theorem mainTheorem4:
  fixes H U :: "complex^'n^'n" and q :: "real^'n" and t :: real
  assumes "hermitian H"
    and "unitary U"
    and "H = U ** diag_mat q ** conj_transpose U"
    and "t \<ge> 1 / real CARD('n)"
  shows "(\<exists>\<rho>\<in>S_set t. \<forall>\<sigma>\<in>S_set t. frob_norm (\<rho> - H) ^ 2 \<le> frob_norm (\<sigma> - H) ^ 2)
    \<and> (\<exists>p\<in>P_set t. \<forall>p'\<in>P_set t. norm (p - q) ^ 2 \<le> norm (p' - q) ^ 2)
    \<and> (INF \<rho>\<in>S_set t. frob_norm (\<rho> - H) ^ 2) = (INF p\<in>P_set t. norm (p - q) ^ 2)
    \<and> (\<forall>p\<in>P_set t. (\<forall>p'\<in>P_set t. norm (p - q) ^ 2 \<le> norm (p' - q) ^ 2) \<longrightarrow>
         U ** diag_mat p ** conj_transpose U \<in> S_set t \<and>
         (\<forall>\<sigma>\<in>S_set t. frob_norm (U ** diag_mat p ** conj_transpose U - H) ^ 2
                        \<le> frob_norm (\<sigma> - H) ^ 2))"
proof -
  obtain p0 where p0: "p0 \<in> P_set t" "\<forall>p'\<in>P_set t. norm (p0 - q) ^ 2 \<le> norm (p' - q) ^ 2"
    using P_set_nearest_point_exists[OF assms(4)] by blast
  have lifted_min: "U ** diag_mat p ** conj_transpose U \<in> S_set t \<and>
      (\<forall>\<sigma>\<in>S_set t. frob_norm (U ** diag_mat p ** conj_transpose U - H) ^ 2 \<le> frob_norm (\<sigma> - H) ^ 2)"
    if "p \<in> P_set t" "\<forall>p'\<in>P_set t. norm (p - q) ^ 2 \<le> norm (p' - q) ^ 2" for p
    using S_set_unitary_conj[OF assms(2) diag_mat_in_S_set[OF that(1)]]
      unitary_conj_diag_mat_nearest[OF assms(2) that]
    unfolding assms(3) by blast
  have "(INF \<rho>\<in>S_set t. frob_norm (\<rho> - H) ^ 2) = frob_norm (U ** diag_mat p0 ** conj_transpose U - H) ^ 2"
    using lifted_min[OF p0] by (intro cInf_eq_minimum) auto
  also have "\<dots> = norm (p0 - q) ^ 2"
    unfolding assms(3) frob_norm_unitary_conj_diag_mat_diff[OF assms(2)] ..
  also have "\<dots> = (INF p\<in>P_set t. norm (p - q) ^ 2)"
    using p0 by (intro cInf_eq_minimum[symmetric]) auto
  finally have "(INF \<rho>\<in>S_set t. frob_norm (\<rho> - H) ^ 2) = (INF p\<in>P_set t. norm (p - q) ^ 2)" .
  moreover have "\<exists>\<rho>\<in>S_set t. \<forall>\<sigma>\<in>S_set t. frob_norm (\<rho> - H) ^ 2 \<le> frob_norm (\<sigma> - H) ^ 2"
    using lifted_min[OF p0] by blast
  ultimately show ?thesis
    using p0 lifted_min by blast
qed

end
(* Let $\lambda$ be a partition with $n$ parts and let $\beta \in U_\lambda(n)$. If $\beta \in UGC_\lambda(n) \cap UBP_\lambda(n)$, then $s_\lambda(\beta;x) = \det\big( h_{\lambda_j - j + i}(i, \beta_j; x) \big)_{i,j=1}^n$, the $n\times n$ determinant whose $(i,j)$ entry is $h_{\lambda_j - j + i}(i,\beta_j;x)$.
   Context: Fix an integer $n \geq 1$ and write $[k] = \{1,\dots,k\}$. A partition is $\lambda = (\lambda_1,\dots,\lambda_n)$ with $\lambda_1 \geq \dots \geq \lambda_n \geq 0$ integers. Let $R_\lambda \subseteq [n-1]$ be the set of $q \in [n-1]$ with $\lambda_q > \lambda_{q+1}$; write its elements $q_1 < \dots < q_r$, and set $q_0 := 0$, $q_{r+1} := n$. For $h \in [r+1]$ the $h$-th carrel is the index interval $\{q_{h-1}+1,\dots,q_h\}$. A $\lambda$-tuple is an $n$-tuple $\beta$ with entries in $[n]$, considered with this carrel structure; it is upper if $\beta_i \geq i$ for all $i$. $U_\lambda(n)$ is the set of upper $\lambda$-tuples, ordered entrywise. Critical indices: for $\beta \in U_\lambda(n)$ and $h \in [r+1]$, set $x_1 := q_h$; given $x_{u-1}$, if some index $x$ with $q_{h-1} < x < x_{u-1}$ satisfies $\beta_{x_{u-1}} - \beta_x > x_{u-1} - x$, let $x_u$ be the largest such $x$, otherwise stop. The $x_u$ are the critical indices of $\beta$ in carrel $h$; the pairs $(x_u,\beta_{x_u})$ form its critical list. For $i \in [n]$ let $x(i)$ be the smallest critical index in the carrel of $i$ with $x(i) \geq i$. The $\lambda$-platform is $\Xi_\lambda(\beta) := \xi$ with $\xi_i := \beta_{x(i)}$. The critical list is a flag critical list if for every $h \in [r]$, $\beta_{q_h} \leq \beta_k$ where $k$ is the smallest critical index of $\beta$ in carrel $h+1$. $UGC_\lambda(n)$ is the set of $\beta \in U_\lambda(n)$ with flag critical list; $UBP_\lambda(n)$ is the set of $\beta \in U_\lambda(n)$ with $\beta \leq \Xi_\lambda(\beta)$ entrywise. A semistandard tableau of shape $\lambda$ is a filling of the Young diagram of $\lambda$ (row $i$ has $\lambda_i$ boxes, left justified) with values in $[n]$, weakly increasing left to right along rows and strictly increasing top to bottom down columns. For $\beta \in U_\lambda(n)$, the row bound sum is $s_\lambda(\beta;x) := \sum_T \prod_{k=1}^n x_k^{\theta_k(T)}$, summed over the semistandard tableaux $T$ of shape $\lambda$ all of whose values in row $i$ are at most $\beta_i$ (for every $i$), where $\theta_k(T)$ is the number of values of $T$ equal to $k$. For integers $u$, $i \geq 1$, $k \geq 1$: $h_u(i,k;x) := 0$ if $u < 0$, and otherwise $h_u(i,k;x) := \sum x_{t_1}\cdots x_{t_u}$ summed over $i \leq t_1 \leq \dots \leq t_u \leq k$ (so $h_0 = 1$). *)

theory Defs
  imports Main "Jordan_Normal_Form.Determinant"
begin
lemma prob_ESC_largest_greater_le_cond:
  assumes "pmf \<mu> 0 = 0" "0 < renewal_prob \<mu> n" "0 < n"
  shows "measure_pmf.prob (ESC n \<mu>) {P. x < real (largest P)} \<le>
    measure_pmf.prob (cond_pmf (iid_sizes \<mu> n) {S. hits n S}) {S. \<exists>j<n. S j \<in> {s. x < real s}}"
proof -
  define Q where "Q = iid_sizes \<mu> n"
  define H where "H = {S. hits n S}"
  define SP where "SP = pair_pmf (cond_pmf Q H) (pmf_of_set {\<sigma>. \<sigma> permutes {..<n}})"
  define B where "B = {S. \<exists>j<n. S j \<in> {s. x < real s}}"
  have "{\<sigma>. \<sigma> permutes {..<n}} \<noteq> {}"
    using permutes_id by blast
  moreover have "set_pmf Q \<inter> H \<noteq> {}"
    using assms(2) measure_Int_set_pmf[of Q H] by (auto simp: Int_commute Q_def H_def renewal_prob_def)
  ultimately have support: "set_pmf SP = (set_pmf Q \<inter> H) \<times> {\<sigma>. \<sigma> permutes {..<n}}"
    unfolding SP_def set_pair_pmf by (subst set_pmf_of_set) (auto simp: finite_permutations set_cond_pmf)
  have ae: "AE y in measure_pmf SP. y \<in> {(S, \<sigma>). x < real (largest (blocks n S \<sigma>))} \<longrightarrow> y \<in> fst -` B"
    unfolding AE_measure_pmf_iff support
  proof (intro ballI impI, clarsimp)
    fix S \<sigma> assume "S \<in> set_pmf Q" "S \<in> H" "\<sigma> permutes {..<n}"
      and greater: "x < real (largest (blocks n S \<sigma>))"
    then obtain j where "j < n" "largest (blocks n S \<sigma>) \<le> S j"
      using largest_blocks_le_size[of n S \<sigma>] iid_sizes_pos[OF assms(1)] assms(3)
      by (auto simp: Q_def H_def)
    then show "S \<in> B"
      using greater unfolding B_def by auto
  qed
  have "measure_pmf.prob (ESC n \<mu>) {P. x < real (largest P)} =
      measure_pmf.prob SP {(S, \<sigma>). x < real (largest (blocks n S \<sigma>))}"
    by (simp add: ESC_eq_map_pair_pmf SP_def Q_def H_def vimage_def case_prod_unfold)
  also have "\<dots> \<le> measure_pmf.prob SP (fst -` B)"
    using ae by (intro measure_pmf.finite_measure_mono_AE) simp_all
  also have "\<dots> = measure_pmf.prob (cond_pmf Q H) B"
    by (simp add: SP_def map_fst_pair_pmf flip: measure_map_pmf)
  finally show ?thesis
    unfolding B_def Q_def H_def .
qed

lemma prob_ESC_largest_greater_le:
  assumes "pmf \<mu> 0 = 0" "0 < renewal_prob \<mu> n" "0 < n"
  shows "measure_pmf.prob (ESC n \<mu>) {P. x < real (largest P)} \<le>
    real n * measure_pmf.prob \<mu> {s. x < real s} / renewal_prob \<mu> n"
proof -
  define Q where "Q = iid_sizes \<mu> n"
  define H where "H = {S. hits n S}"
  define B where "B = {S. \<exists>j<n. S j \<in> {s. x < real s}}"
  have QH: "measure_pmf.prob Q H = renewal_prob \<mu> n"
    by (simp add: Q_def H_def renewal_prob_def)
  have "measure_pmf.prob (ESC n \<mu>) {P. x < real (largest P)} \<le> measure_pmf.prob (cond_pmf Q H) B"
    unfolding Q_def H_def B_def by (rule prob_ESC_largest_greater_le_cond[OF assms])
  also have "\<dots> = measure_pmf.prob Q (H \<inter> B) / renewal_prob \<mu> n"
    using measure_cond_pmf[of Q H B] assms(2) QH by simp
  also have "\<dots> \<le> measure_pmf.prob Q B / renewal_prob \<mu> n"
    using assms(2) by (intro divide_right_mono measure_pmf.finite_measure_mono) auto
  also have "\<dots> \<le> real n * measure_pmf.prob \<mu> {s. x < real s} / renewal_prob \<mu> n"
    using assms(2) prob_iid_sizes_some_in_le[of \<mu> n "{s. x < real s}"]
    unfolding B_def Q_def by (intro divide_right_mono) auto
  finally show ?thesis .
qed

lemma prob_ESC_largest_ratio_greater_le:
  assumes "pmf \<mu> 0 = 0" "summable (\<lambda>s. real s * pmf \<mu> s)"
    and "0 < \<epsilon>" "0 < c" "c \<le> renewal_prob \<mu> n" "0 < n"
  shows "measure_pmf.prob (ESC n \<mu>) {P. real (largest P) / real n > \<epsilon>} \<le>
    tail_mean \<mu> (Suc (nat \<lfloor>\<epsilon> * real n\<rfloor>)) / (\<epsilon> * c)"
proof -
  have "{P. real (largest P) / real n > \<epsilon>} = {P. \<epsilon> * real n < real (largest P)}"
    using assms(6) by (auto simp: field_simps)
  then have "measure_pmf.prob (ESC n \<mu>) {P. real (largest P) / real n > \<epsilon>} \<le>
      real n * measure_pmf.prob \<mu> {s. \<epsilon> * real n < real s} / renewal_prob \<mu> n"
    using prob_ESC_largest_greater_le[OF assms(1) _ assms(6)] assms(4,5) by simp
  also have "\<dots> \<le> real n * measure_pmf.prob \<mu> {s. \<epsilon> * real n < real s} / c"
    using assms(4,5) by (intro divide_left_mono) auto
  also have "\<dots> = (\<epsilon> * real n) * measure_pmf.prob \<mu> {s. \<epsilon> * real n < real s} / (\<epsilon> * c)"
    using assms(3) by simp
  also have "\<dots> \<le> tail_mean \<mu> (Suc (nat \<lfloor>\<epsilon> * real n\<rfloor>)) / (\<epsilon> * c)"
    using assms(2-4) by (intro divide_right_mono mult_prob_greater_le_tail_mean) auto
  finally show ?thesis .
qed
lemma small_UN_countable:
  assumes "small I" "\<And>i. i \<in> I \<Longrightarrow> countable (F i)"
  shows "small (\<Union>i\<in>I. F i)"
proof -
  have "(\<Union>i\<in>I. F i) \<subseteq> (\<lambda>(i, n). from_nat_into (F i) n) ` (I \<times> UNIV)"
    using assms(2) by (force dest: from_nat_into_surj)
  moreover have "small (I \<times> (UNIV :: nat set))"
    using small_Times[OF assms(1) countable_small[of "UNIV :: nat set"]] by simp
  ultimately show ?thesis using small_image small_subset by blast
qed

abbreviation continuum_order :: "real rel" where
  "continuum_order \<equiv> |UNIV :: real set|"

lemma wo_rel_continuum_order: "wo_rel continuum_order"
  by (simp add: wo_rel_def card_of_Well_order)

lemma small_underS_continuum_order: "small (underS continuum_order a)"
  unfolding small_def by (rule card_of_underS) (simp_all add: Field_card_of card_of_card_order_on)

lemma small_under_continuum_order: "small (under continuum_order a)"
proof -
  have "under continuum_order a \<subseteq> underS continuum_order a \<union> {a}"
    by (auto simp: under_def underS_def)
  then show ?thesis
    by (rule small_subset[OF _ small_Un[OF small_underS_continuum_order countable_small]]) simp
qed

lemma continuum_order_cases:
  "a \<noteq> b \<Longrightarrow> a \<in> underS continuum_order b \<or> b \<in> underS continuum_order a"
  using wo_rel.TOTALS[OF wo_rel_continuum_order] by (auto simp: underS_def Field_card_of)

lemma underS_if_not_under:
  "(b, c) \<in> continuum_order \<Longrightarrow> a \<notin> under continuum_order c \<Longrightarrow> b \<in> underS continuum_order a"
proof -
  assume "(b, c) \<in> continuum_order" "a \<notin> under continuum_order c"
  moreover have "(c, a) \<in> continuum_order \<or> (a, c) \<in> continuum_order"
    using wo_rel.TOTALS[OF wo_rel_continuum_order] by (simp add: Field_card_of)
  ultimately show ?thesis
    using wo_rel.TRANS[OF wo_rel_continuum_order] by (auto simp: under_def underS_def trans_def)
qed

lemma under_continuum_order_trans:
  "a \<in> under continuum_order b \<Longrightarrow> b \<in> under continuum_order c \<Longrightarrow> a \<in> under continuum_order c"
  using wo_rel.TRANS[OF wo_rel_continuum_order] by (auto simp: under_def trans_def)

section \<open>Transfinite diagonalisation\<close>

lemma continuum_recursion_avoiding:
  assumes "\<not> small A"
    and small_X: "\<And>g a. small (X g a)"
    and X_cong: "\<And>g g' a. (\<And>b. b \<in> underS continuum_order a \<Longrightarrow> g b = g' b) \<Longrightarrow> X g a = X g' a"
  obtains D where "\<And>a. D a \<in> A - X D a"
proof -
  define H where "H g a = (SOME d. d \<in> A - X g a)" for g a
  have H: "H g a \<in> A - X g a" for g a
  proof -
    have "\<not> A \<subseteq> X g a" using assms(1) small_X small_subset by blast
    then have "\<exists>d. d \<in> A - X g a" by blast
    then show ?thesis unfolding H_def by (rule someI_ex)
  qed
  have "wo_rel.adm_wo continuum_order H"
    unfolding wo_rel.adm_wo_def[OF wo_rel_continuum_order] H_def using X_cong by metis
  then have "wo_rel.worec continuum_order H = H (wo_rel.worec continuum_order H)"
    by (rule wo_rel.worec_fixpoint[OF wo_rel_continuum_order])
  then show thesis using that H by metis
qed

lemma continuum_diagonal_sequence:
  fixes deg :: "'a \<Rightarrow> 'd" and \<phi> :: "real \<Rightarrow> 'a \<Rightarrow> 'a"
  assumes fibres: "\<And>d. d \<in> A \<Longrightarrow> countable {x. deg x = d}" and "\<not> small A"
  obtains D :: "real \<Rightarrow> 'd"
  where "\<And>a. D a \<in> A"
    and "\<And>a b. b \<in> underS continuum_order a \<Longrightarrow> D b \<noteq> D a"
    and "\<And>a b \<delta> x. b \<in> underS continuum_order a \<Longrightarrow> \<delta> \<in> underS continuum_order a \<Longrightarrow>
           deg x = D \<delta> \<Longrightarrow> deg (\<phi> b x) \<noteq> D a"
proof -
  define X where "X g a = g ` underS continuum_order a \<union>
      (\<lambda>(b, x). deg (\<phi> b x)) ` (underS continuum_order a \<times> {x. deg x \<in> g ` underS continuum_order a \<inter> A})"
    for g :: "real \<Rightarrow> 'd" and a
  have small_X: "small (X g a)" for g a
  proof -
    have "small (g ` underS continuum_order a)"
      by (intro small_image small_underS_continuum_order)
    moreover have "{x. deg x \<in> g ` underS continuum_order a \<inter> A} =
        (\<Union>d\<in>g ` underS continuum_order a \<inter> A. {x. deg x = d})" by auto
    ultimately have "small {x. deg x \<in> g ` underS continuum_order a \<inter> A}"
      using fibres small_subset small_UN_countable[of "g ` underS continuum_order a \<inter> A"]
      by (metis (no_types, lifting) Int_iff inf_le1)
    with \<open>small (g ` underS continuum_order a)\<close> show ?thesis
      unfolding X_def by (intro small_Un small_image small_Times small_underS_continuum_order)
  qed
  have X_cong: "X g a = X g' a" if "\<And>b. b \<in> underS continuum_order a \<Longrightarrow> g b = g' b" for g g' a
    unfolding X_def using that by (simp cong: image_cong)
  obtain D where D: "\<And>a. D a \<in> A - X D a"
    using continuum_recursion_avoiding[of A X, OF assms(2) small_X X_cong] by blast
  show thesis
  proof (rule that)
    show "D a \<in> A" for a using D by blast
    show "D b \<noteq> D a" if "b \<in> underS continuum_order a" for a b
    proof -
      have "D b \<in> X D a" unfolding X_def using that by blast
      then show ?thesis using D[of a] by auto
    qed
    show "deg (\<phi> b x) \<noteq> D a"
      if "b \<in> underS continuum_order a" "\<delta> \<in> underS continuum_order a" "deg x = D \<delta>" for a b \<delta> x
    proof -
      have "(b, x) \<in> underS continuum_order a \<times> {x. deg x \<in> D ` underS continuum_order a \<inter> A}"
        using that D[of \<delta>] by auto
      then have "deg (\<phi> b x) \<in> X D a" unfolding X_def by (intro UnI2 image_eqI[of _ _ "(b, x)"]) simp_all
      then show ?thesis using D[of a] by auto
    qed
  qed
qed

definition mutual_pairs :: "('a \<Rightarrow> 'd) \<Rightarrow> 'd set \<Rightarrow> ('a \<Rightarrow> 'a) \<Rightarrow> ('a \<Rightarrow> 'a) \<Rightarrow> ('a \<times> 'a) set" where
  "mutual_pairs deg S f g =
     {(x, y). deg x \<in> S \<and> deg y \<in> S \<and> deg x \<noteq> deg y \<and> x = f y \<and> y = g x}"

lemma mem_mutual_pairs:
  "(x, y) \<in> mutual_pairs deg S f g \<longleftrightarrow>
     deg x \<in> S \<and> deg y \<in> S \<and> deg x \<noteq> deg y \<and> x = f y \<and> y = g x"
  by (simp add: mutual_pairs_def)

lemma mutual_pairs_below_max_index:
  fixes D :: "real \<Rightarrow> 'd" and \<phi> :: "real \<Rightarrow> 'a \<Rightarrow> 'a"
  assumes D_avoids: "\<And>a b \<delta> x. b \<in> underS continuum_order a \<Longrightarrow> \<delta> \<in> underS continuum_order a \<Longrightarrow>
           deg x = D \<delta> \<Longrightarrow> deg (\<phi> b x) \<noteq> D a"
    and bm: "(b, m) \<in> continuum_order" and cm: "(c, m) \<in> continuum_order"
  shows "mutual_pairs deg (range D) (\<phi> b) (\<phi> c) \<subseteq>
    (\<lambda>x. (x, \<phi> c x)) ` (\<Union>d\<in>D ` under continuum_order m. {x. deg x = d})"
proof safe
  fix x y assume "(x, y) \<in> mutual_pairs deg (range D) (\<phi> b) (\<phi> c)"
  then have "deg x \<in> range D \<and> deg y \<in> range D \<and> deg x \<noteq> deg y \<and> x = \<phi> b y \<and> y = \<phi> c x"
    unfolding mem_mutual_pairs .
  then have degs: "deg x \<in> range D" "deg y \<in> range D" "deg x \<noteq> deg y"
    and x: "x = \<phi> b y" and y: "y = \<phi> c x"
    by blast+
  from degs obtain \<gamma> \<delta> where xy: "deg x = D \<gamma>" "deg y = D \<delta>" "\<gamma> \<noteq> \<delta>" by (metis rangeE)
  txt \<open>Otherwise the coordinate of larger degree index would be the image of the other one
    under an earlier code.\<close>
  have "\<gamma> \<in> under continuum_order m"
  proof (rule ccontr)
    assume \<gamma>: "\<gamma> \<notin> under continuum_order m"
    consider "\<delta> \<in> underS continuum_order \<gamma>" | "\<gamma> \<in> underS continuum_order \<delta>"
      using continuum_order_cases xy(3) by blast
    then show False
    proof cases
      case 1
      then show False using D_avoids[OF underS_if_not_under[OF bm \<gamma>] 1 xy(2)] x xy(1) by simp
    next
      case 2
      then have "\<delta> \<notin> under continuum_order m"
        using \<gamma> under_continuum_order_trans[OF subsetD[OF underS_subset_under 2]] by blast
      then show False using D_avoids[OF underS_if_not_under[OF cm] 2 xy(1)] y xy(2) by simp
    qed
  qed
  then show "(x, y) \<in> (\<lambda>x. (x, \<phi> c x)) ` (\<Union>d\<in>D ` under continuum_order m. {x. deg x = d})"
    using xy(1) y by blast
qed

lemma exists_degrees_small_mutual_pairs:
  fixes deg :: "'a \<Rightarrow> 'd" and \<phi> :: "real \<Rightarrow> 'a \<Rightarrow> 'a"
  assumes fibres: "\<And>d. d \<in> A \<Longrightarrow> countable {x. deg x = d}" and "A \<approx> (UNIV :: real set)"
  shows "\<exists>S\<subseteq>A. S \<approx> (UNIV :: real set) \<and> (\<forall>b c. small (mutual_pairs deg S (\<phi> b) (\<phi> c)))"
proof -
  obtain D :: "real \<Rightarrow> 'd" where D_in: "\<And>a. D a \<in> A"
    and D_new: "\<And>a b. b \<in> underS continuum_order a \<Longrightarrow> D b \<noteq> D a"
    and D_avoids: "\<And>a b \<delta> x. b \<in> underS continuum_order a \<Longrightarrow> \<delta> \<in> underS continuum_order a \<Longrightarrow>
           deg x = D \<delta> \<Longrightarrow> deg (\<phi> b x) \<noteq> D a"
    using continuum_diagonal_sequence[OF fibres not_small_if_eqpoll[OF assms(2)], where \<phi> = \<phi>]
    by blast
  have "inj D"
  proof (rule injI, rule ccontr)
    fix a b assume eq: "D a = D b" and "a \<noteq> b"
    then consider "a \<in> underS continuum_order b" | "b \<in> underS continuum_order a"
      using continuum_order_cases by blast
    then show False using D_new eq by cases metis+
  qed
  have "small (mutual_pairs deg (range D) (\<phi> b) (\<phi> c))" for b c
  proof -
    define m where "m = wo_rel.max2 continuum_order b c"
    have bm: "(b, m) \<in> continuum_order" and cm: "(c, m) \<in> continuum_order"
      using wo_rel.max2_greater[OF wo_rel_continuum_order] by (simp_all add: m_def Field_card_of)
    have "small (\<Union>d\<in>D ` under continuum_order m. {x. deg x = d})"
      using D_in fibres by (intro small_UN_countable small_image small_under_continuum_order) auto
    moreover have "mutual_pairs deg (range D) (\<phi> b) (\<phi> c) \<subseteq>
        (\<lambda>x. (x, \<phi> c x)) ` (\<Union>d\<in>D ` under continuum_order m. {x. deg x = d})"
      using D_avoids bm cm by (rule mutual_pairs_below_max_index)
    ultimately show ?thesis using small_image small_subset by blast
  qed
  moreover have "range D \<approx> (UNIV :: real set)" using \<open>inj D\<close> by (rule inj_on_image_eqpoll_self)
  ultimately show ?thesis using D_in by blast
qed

Prompt: Scan the lines above for "by (metis (no_types, lifting)" and for "f g \<longleftrightarrow>". Repeat exactly the line holding each of them and every line in between.

Completed exercise:
      by (metis (no_types, lifting) Int_iff inf_le1)
    with \<open>small (g ` underS continuum_order a)\<close> show ?thesis
      unfolding X_def by (intro small_Un small_image small_Times small_underS_continuum_order)
  qed
  have X_cong: "X g a = X g' a" if "\<And>b. b \<in> underS continuum_order a \<Longrightarrow> g b = g' b" for g g' a
    unfolding X_def using that by (simp cong: image_cong)
  obtain D where D: "\<And>a. D a \<in> A - X D a"
    using continuum_recursion_avoiding[of A X, OF assms(2) small_X X_cong] by blast
  show thesis
  proof (rule that)
    show "D a \<in> A" for a using D by blast
    show "D b \<noteq> D a" if "b \<in> underS continuum_order a" for a b
    proof -
      have "D b \<in> X D a" unfolding X_def using that by blast
      then show ?thesis using D[of a] by auto
    qed
    show "deg (\<phi> b x) \<noteq> D a"
      if "b \<in> underS continuum_order a" "\<delta> \<in> underS continuum_order a" "deg x = D \<delta>" for a b \<delta> x
    proof -
      have "(b, x) \<in> underS continuum_order a \<times> {x. deg x \<in> D ` underS continuum_order a \<inter> A}"
        using that D[of \<delta>] by auto
      then have "deg (\<phi> b x) \<in> X D a" unfolding X_def by (intro UnI2 image_eqI[of _ _ "(b, x)"]) simp_all
      then show ?thesis using D[of a] by auto
    qed
  qed
qed

definition mutual_pairs :: "('a \<Rightarrow> 'd) \<Rightarrow> 'd set \<Rightarrow> ('a \<Rightarrow> 'a) \<Rightarrow> ('a \<Rightarrow> 'a) \<Rightarrow> ('a \<times> 'a) set" where
  "mutual_pairs deg S f g =
     {(x, y). deg x \<in> S \<and> deg y \<in> S \<and> deg x \<noteq> deg y \<and> x = f y \<and> y = g x}"

lemma mem_mutual_pairs:
  "(x, y) \<in> mutual_pairs deg S f g \<longleftrightarrow>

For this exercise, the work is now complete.